Tuesday, November 12, 2024

Arguments against paying for plasma and other Substances of Human Origin (SoHO)

 Substances of Human Origin (SoHO) have a growing, often lifesaving role in modern medicine, from breast milk for premature babies, to kidneys for transplant, to blood and blood plasma, which the World Health Organization categorizes as an essential medicine for a wide variety of ailments and injuries.  However concern for protecting the donors of SoHO from exploitation has led to a considerable debate about whether donation must always be uncompensated, and motivated purely by altruism.
 

Two important cases are donation of kidneys and of blood plasma. Payment to donors of kidneys for transplant is banned almost everywhere, but a few countries (among which the U.S. is prominent) allow payment to plasma donors.
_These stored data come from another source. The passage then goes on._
lemma smooth_alg_hom_imp_point_evaluation:
  assumes "weighted_space X \<rho>" "cont_lin_functional X \<rho> L" "smooth_alg_hom X \<rho> L"
  shows "\<exists>x\<in>topspace X. \<forall>f\<in>Brho X \<rho>. L f = f x"
proof (rule ccontr)
  assume no_eval: "\<not> ?thesis"
  have not_eval: "\<exists>g\<in>Cb X. L g \<noteq> g x" if "x \<in> topspace X" for x
  proof (rule ccontr)
    assume "\<not> (\<exists>g\<in>Cb X. L g \<noteq> g x)"
    then have "\<forall>f\<in>Brho X \<rho>. L f = f x"
      using point_evaluation_on_Cb_extends[OF assms(1,2) that] by blast
    with no_eval that show False by blast
  qed
  have peak: "\<exists>u\<in>Cb X. L u = 1 \<and> u x \<le> cos 1 \<and> (\<forall>y. \<bar>u y\<bar> \<le> 1)"
    if x: "x \<in> topspace X" for x
  proof -
    obtain g where "g \<in> Cb X" "L g \<noteq> g x"
      using not_eval[OF x] by blast
    then obtain u where "u \<in> Cb X" "L u = 1" "u x = cos 1" "\<And>y. \<bar>u y\<bar> \<le> 1"
      using smooth_alg_hom_peak_function[OF assms(1,3)] by blast
    then show ?thesis by auto
  qed
  obtain C where C: "C \<ge> 0" "\<And>f. f \<in> Brho X \<rho> \<Longrightarrow> \<bar>L f\<bar> \<le> C * wnorm X \<rho> f"
    using cont_lin_functional_bound[OF assms(2)] by blast
  obtain r where r: "r > 0" "\<And>x. x \<in> topspace X \<Longrightarrow> r \<le> \<rho> x"
    using weight_bounded_below[OF assms(1)] by blast
  define R where "R = 2 * C + 1"
  have "R > 0"
    unfolding R_def using C(1) by simp
  define K where "K = {x \<in> topspace X. \<rho> x \<le> R}"
  have K: "compactin X K"
    using assms(1) \<open>R > 0\<close> unfolding weighted_space_def K_def by simp
  have cos1: "cos 1 < (1::real)"
    using cos_monotone_0_pi[of 0 1] pi_gt3 by simp
  obtain G M where G: "G \<in> Cb X" "L G = M" "\<And>y. \<bar>G y\<bar> \<le> M"
      "\<And>y. y \<in> K \<Longrightarrow> G y \<le> M - (1 - cos 1) / 2"
    using compact_sum_of_peak_functions[OF assms(1,2) K cos1 peak] by blast
  have "(1 - cos 1) / 2 > (0::real)" "r / R > 0"
    using cos1 \<open>r > 0\<close> \<open>R > 0\<close> by simp_all
  then obtain P where P: "P \<in> Cb X" "L P = 1" "\<And>y. \<bar>P y\<bar> \<le> 1" "\<And>y. y \<in> K \<Longrightarrow> \<bar>P y\<bar> \<le> r / R"
    using smooth_alg_hom_concentrated_function[where K = K, OF assms G] by blast
  have "wnorm X \<rho> P \<le> 1 / R"
  proof (rule wnorm_le)
    fix y assume y: "y \<in> topspace X"
    show "\<bar>P y\<bar> / \<rho> y \<le> 1 / R"
    proof (cases "\<rho> y \<le> R")
      case True
      then have "\<bar>P y\<bar> / \<rho> y \<le> (r / R) / r"
        using P(4) r y \<open>R > 0\<close> unfolding K_def by (intro frac_le) auto
      then show ?thesis
        using \<open>r > 0\<close> by simp
    next
      case False
      then show ?thesis
        using P(3)[of y] \<open>R > 0\<close> by (intro frac_le) auto
    qed
  qed (use \<open>R > 0\<close> in simp)
  have "P \<in> Brho X \<rho>"
    using P(1) Cb_subset_Brho[OF assms(1)] by blast
  then have "1 \<le> C * wnorm X \<rho> P"
    using C(2) P(2) by fastforce
  also have "\<dots> \<le> C * (1 / R)"
    using \<open>wnorm X \<rho> P \<le> 1 / R\<close> C(1) by (rule mult_left_mono)
  finally show False
    unfolding R_def using C(1) by (simp add: field_simps)
qed

theorem mainTheorem13:
  fixes X :: "'a topology" and \<rho> :: "'a \<Rightarrow> real" and L :: "('a \<Rightarrow> real) \<Rightarrow> real"
  assumes "weighted_space X \<rho>"
    and "cont_lin_functional X \<rho> L"
  shows "(smooth_alg_hom X \<rho> L \<longleftrightarrow>
            (\<exists>x\<in>topspace X. \<forall>f\<in>Brho X \<rho>. L f = f x)) \<and>
         (\<forall>x\<in>topspace X. \<forall>y\<in>topspace X.
            (\<forall>f\<in>Brho X \<rho>. L f = f x) \<and> (\<forall>f\<in>Brho X \<rho>. L f = f y) \<longrightarrow> x = y)"
proof (intro conjI)
  show "smooth_alg_hom X \<rho> L \<longleftrightarrow> (\<exists>x\<in>topspace X. \<forall>f\<in>Brho X \<rho>. L f = f x)"
    using smooth_alg_hom_imp_point_evaluation[OF assms] point_evaluation_imp_smooth_alg_hom
    by metis
  show "\<forall>x\<in>topspace X. \<forall>y\<in>topspace X.
          (\<forall>f\<in>Brho X \<rho>. L f = f x) \<and> (\<forall>f\<in>Brho X \<rho>. L f = f y) \<longrightarrow> x = y"
    using point_evaluation_unique[OF assms(1)] by blast
qed

end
Kidneys are in short supply, so patients with kidney failure very often die prematurely without receiving a transplant, but among high and middle income countries almost no one is today dying from a shortage of plasma and plasma products.  That isn’t because countries that don’t pay plasma donors generate sufficient supply for their domestic needs, it is because they can import plasma pharmaceuticals from countries that do pay donors, chiefly the U.S. which exports tens of billions of dollars of plasma products annually.
 

Here's an article arguing that payment for plasma and other SoHOs is always and everywhere wrong and should be stopped. (The  authors seem to agree with the WHO that countries should raise enough plasma domestically from unpaid donors, although no country has yet managed to do this.)  Furthermore, they suggest that companies that collect and process plasma must be nonprofits.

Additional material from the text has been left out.